うる覚え聖書の話・宗教戦争はなくならない

005   ムスリムだって多神教である?

またしてもテロが起こりました。過激な思想を抱いた えせムスリムたちが、日本人を含む外国人をスリランカで殺しまくったと言います。

宗教ってなんでこうなんだろうねえ。カゲキさに惹かれ、孤独感につけこむ人たちがいるからこうなるのだろうか。新宗教にハマる人の特徴に、居場所を見つけられたという人がいるって論説も見たことがあります。

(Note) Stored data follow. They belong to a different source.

lemma ff_at_add_of_normal_eq:
  assumes "normal_eq A u d l y"
  shows "ff_at A u d l (y + w) = ff_at A u d l y - (\<Sum>i\<in>UNIV. d$i * (column i A \<bullet> w)^2)"
proof -
  \<comment> \<open>the cross term is \<open>w\<^sup>T(B(d)y - A D r(\<ell>))\<close>, which the normal equations annihilate\<close>
  have "w \<bullet> (BB A d *v y) = w \<bullet> (A *v (diagm d *v rr u l))"
    using assms unfolding normal_eq_def by simp
  then have "(\<Sum>i\<in>UNIV. (column i A \<bullet> w) * (d$i * (column i A \<bullet> y)) - (column i A \<bullet> w) * (d$i * rr u l $ i)) = 0"
    by (simp add: BB_mult_vec inner_matrix_vector_mult diagm_mult_vec sum_subtractf)
  then have cross: "(\<Sum>i\<in>UNIV. d$i * (column i A \<bullet> w) * (column i A \<bullet> y - rr u l $ i)) = 0"
    by (simp add: algebra_simps)
  have "ff_at A u d l (y + w) = (\<Sum>i\<in>UNIV. d$i * (u$i - column i A \<bullet> y) * (column i A \<bullet> y - l$i)
      - d$i * (column i A \<bullet> w)^2 - 2 * (d$i * (column i A \<bullet> w) * (column i A \<bullet> y - rr u l $ i)))"
    unfolding ff_at_def
    by (rule sum.cong) (simp_all add: inner_add_right rr_def algebra_simps power2_eq_square)
  then show ?thesis
    using cross unfolding ff_at_def by (simp add: sum_subtractf sum_distrib_left[symmetric])
qed

lemma BB_add_axis_mult_vec:
  "BB A (d + e *\<^sub>R axis j 1) *v x = BB A d *v x + (e * (column j A \<bullet> x)) *\<^sub>R column j A"
proof -
  have "(\<chi> i. (d + e *\<^sub>R axis j 1)$i * (column i A \<bullet> x))
      = (\<chi> i. d$i * (column i A \<bullet> x)) + (e * (column j A \<bullet> x)) *\<^sub>R axis j 1"
    by (simp add: vec_eq_iff axis_def algebra_simps)
  then show ?thesis
    by (simp add: BB_mult_vec matrix_vector_right_distrib matrix_vector_mult_scaleR
        matrix_vector_mult_basis)
qed

lemma ff_at_add_axis:
  "ff_at A u (d + e *\<^sub>R axis j 1) (l + \<delta> *\<^sub>R axis j 1) y = ff_at A u d l y
    + (d$j + e) * (u$j - column j A \<bullet> y) * (column j A \<bullet> y - l$j - \<delta>)
    - d$j * (u$j - column j A \<bullet> y) * (column j A \<bullet> y - l$j)"
proof -
  have "ff_at A u (d + e *\<^sub>R axis j 1) (l + \<delta> *\<^sub>R axis j 1) y - ff_at A u d l y
    = (\<Sum>i\<in>UNIV. if i = j then (d$j + e) * (u$j - column j A \<bullet> y) * (column j A \<bullet> y - l$j - \<delta>)
        - d$j * (u$j - column j A \<bullet> y) * (column j A \<bullet> y - l$j) else 0)"
    unfolding ff_at_def sum_subtractf[symmetric]
    by (rule sum.cong) (auto simp: axis_def)
  then show ?thesis by simp
qed

text \<open>Changing \<open>d\<^sub>j\<close> by \<open>e \<ge> 0\<close> and \<open>\<ell>\<^sub>j\<close> by \<open>\<delta>\<close> moves \<open>y\<close> along \<open>z = B(d)\<^sup>-\<^sup>1a\<^sub>j\<close>
  (Sherman--Morrison); the hypothesis on \<open>\<mu>\<close> is the \<open>j\<close>-th normal equation.\<close>

lemma yy_ff_add_axis:
  fixes A :: "real^'m^'n" and u d l :: "real^'m" and j :: 'm and e \<delta> \<mu> :: real
  defines "z \<equiv> matrix_inv (BB A d) *v column j A"
    and "h \<equiv> column j A \<bullet> (matrix_inv (BB A d) *v column j A)"
    and "p \<equiv> column j A \<bullet> yy A u d l"
  assumes std: "standing_assm A" and dpos: "\<forall>i. d $ i > 0" and e: "e \<ge> 0"
    and coeff: "\<mu> + e * (p + \<mu> * h) = e * rr u l $ j + \<delta>/2 * (d$j + e)"
  shows "yy A u (d + e *\<^sub>R axis j 1) (l + \<delta> *\<^sub>R axis j 1) = yy A u d l + \<mu> *\<^sub>R z"
    and "ff A u (d + e *\<^sub>R axis j 1) (l + \<delta> *\<^sub>R axis j 1) = ff A u d l - \<mu>^2 * h
      + (d$j + e) * (u$j - (p + \<mu> * h)) * ((p + \<mu> * h) - l$j - \<delta>)
      - d$j * (u$j - (p + \<mu> * h)) * ((p + \<mu> * h) - l$j)"
proof -
  let ?y = "yy A u d l" and ?d' = "d + e *\<^sub>R axis j 1" and ?l' = "l + \<delta> *\<^sub>R axis j 1"
  let ?y' = "?y + \<mu> *\<^sub>R z"
  have Bz: "BB A d *v z = column j A"
    unfolding z_def by (rule mult_vec_matrix_inv_mult_vec[OF BB_invertible[OF std dpos]])
  have d'pos: "\<forall>i. ?d' $ i > 0" using dpos e by (auto simp: axis_def intro: add_pos_nonneg)
  have ny: "normal_eq A u d l ?y" by (rule normal_eq_yy[OF std dpos])
  have ay': "column j A \<bullet> ?y' = p + \<mu> * h"
    by (simp add: inner_add_right p_def h_def z_def)
  have rhs: "diagm ?d' *v rr u ?l' = diagm d *v rr u l + (e * rr u l $ j + \<delta>/2 * (d$j + e)) *\<^sub>R axis j 1"
    by (simp add: diagm_mult_vec rr_def vec_eq_iff axis_def algebra_simps)
  have "BB A d *v ?y' = BB A d *v ?y + \<mu> *\<^sub>R column j A"
    by (simp add: matrix_vector_right_distrib matrix_vector_mult_scaleR Bz)
  then have "BB A ?d' *v ?y' = BB A d *v ?y + (\<mu> + e * (p + \<mu> * h)) *\<^sub>R column j A"
    by (simp only: BB_add_axis_mult_vec ay' scaleR_add_left add.assoc)
  also have "\<dots> = A *v (diagm ?d' *v rr u ?l')"
    using ny unfolding normal_eq_def coeff rhs
    by (simp add: matrix_vector_right_distrib matrix_vector_mult_scaleR matrix_vector_mult_basis)
  finally have "normal_eq A u ?d' ?l' ?y'" unfolding normal_eq_def .
  then show yy': "yy A u ?d' ?l' = ?y'" by (rule yy_eqI[OF std d'pos])
  have "(\<Sum>i\<in>UNIV. d$i * (column i A \<bullet> (\<mu> *\<^sub>R z))^2) = \<mu>^2 * (z \<bullet> (BB A d *v z))"
    by (simp add: inner_BB_mult_vec sum_distrib_left power_mult_distrib mult_ac)
  also have "\<dots> = \<mu>^2 * h" by (simp add: Bz h_def inner_commute flip: z_def)
  finally have "ff_at A u d l ?y' = ff A u d l - \<mu>^2 * h"
    by (simp add: ff_at_add_of_normal_eq[OF ny] ff_eq_ff_at_yy)
  then show "ff A u ?d' ?l' = ff A u d l - \<mu>^2 * h
      + (d$j + e) * (u$j - (p + \<mu> * h)) * ((p + \<mu> * h) - l$j - \<delta>)
      - d$j * (u$j - (p + \<mu> * h)) * ((p + \<mu> * h) - l$j)"
    by (simp add: ff_eq_ff_at_yy yy' ff_at_add_axis ay')
qed

lemma BB_scaleR_mult_vec: "BB A (c *\<^sub>R d) *v x = c *\<^sub>R (BB A d *v x)"
proof -
  have "(\<chi> i. (c *\<^sub>R d)$i * (column i A \<bullet> x)) = c *\<^sub>R (\<chi> i. d$i * (column i A \<bullet> x))"
    by (simp add: vec_eq_iff)
  then show ?thesis by (simp add: BB_mult_vec matrix_vector_mult_scaleR)
qed

lemma yy_scaleR:
  assumes std: "standing_assm A" and dpos: "\<forall>i. d $ i > 0" and c: "c > 0"
  shows "yy A u (c *\<^sub>R d) l = yy A u d l"
proof (rule yy_eqI[OF std])
  show "\<forall>i. (c *\<^sub>R d) $ i > 0" using dpos c by simp
  have "diagm (c *\<^sub>R d) *v rr u l = c *\<^sub>R (diagm d *v rr u l)"
    by (simp add: diagm_mult_vec vec_eq_iff)
  then show "normal_eq A u (c *\<^sub>R d) l (yy A u d l)"
    using normal_eq_yy[OF std dpos] unfolding normal_eq_def
    by (simp add: BB_scaleR_mult_vec matrix_vector_mult_scaleR)
qed

lemma ff_scaleR:
  assumes "standing_assm A" and "\<forall>i. d $ i > 0" and "c > 0"
  shows "ff A u (c *\<^sub>R d) l = c * ff A u d l"
  by (simp add: ff_eq_ff_at_yy yy_scaleR[OF assms] ff_at_def sum_distrib_left mult_ac)

text \<open>\<open>\<gamma>\<^sub>j\<close> is invariant under rescaling \<open>d\<close>: \<open>f\<close> scales by \<open>c\<close> and \<open>a\<^sub>j\<^sup>TB(d)\<^sup>-\<^sup>1a\<^sub>j\<close> by \<open>1/c\<close>.\<close>

lemma gam_scaleR:
  assumes std: "standing_assm A" and dpos: "\<forall>i. d $ i > 0" and c: "c > 0"
  shows "gam A u (c *\<^sub>R d) l j = gam A u d l j"
proof -
  let ?z = "matrix_inv (BB A d) *v column j A"
  have cd: "\<forall>i. (c *\<^sub>R d) $ i > 0" using dpos c by simp
  have "BB A (c *\<^sub>R d) *v ((1/c) *\<^sub>R ?z) = column j A"
    using c by (simp add: BB_scaleR_mult_vec matrix_vector_mult_scaleR
        mult_vec_matrix_inv_mult_vec[OF BB_invertible[OF std dpos]])
  then have "matrix_inv (BB A (c *\<^sub>R d)) *v column j A = (1/c) *\<^sub>R ?z"
    by (rule matrix_inv_mult_vec_eqI[OF BB_invertible[OF std cd]])
  then show ?thesis
    using c by (simp add: gam_def ff_scaleR[OF std dpos c])
qed

lemma gam_square:
  fixes A :: "real^'m^'n"
  assumes "standing_assm A" and "\<forall>i. d $ i > 0" and "ff A u d l \<ge> 0"
  shows "(gam A u d l j)^2 = ff A u d l * (column j A \<bullet> (matrix_inv (BB A d) *v column j A))"
  using assms inner_column_BB_inverse_pos[OF assms(1,2), of j] by (simp add: gam_def)

lemma tt_minus_vv_nth: "tt A u d l $ j - vv u l $ j = column j A \<bullet> yy A u d l - u $ j"
  by (simp add: tt_nth rr_def vv_def field_simps)

lemma first_update:
  fixes A :: "real^'m^'n" and u d l :: "real^'m" and j :: 'm
  defines "h \<equiv> column j A \<bullet> (matrix_inv (BB A d) *v column j A)"
    and "s \<equiv> column j A \<bullet> yy A u d l - u $ j"
  assumes std: "standing_assm A" and dpos: "\<forall>i. d $ i > 0"
  shows "column j A \<bullet> yy A u d (l - (2 * s / (d$j * h)) *\<^sub>R axis j 1) = u $ j"
    and "ff A u d (l - (2 * s / (d$j * h)) *\<^sub>R axis j 1) = ff A u d l - s^2 / h"
proof -
  have hpos: "h > 0" unfolding h_def by (rule inner_column_BB_inverse_pos[OF std dpos])
  have "d $ j > 0" using dpos by simp
  then have coeff: "- s / h + 0 * (column j A \<bullet> yy A u d l + - s / h * h)
      = 0 * rr u l $ j + - (2 * s / (d$j * h)) / 2 * (d$j + 0)"
    using hpos by (simp add: field_simps)
  have "d + 0 *\<^sub>R axis j 1 = d" and "l + - x *\<^sub>R axis j 1 = l - x *\<^sub>R axis j 1" for x
    by simp_all
  note update = yy_ff_add_axis[OF std dpos order_refl coeff[unfolded h_def], unfolded this, folded h_def]
  have on_face: "column j A \<bullet> yy A u d l + - s / h * h = u $ j"
    using hpos by (simp add: s_def)
  show "column j A \<bullet> yy A u d (l - (2 * s / (d$j * h)) *\<^sub>R axis j 1) = u $ j"
    unfolding update(1) inner_add_right inner_scaleR_right h_def[symmetric] by (rule on_face)
  show "ff A u d (l - (2 * s / (d$j * h)) *\<^sub>R axis j 1) = ff A u d l - s^2 / h"
    unfolding update(2) on_face using hpos by (simp add: power2_eq_square)
qed

lemma first_update_rescaled:
  fixes A :: "real^'m^'n" and u d l l1 d1 :: "real^'m" and j :: 'm
  defines "h \<equiv> column j A \<bullet> (matrix_inv (BB A d) *v column j A)"
    and "s \<equiv> column j A \<bullet> yy A u d l - u $ j"
  assumes std: "standing_assm A" and dpos: "\<forall>i. d $ i > 0" and f1: "ff A u d l = 1"
    and l1: "l1 = l - (2 * (tt A u d l $ j - vv u l $ j) / (d $ j * (gam A u d l j)\<^sup>2)) *\<^sub>R axis j 1"
    and f_l1: "ff A u d l1 > 0"
    and d1: "d1 = (1 / ff A u d l1) *\<^sub>R d"
  shows "ff A u d1 l1 = 1" and "column j A \<bullet> yy A u d1 l1 = u $ j"
    and "gam A u d1 l1 j = sqrt (h - s^2)" and "s^2 < h"
proof -
  have hpos: "h > 0" unfolding h_def by (rule inner_column_BB_inverse_pos[OF std dpos])
  have "l1 = l - (2 * s / (d$j * h)) *\<^sub>R axis j 1"
    using gam_square[OF std dpos, of u l j] by (simp add: l1 f1 tt_minus_vv_nth h_def s_def)
  note update = first_update[OF std dpos, where j=j and u=u and l=l, folded h_def s_def, folded this]
  have c: "1 / ff A u d l1 > 0" using f_l1 by simp
  show "ff A u d1 l1 = 1"
    using f_l1 by (simp add: d1 ff_scaleR[OF std dpos c])
  show "column j A \<bullet> yy A u d1 l1 = u $ j"
    by (simp add: d1 yy_scaleR[OF std dpos c] update(1))
  have "gam A u d1 l1 j = gam A u d l1 j"
    unfolding d1 by (rule gam_scaleR[OF std dpos c])
  also have "\<dots> = sqrt (ff A u d l1 * h)"
    by (simp add: gam_def h_def)
  also have "ff A u d l1 * h = h - s^2"
    using hpos by (simp add: update(2) f1 field_simps)
  finally show "gam A u d1 l1 j = sqrt (h - s^2)" .
  show "s^2 < h"
    using f_l1 hpos by (simp add: update(2) f1 field_simps)
qed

さて、今回お話するのは、旧約聖書に見られる多神教の残滓(ざんし)です。
ご存じの方もおられるでしょうが、ムスリムはコーランのほかに、新約聖書、旧約聖書を聖典としております(コーランだけ、と言っている情報はえせムスリムたちの主張ですからご注意あれ)。その旧約聖書に記述されている認識は、アブラハムの子孫がムハンマドの先祖にあたるということで、ユダヤ人と中東の人たちは親戚にあたる、というのが基本的な認識です。

ところで意外なことに、一神教である、とされるユダヤ教とキリスト教、ムスリムの聖典の旧約聖書には、昔はかれらが多神教だったことを匂わせる記事が、しっかり載っているのです。

一番有名なのは創世記で、神が「われわれの姿に似せて」人を創ろう、と言う記事があり、これが多神教なのではという指摘があるんですね。

学者の説明では、「我々」と言うことで権威を示しているといいます。英語でも、エリザベス女王はIではなく、WEと言いますし、明治天皇は自分のことをわたし、と言わず朕(複数名詞)を使っていました。

そこのところで納得しない人は、申命記のどこかに、ギデオンが、
「わたしたちの先祖は多神教を信じていた」と言っているシーンがある、と主張していると言っているそうです(どこなんだろう? うる覚えなので堪忍ね(汗))

論理的に考えるなら、ムスリムの先祖も多神教を信じており、ムハンマドによって一神教に鞍替えしたことになります。実際、古代中東には、多神教を信じていたあとが残っています。

(精霊ジンなどが有名ですね)。

アラーはアラビア語では『神』、アラーのほかに神は無し、と主張することによって、ほかの神を意識する逆転の構図も見られたりします。

イエスも、律法でいちばん大事なのは、神を愛することと隣人を愛することだと主張しています。

このあたり、日本の感覚と違うんです(聖徳太子は、いちばん大事なのは『和』だと設定しましたっけね?)

なにごとも神中心の感覚は、英語にまで影響を与えており、

感情を表す動詞の語法―――surpriseなど感情動詞は「驚かせる」など『~させる』という意味になるんですが、その理由は、文化に宗教があるからです。

日本人の考えでは、だれかに好意や嫌悪などの感情を感じた瞬間、自分の心に何かが芽生えたような感覚になるのですが、英語圏の人は「神さまが自分に興味や感情を持たせた」とふだんからそういう感覚です。

『生まれたときから小指と小指が赤い糸で……』云々みたいなこと、聞いたことありませんか。ひたすら他者が「~させる」「させる!」という意味を持ちます。

そういう感覚を持ってない日本人の大多数が、英語が苦手なのは当然でしょう。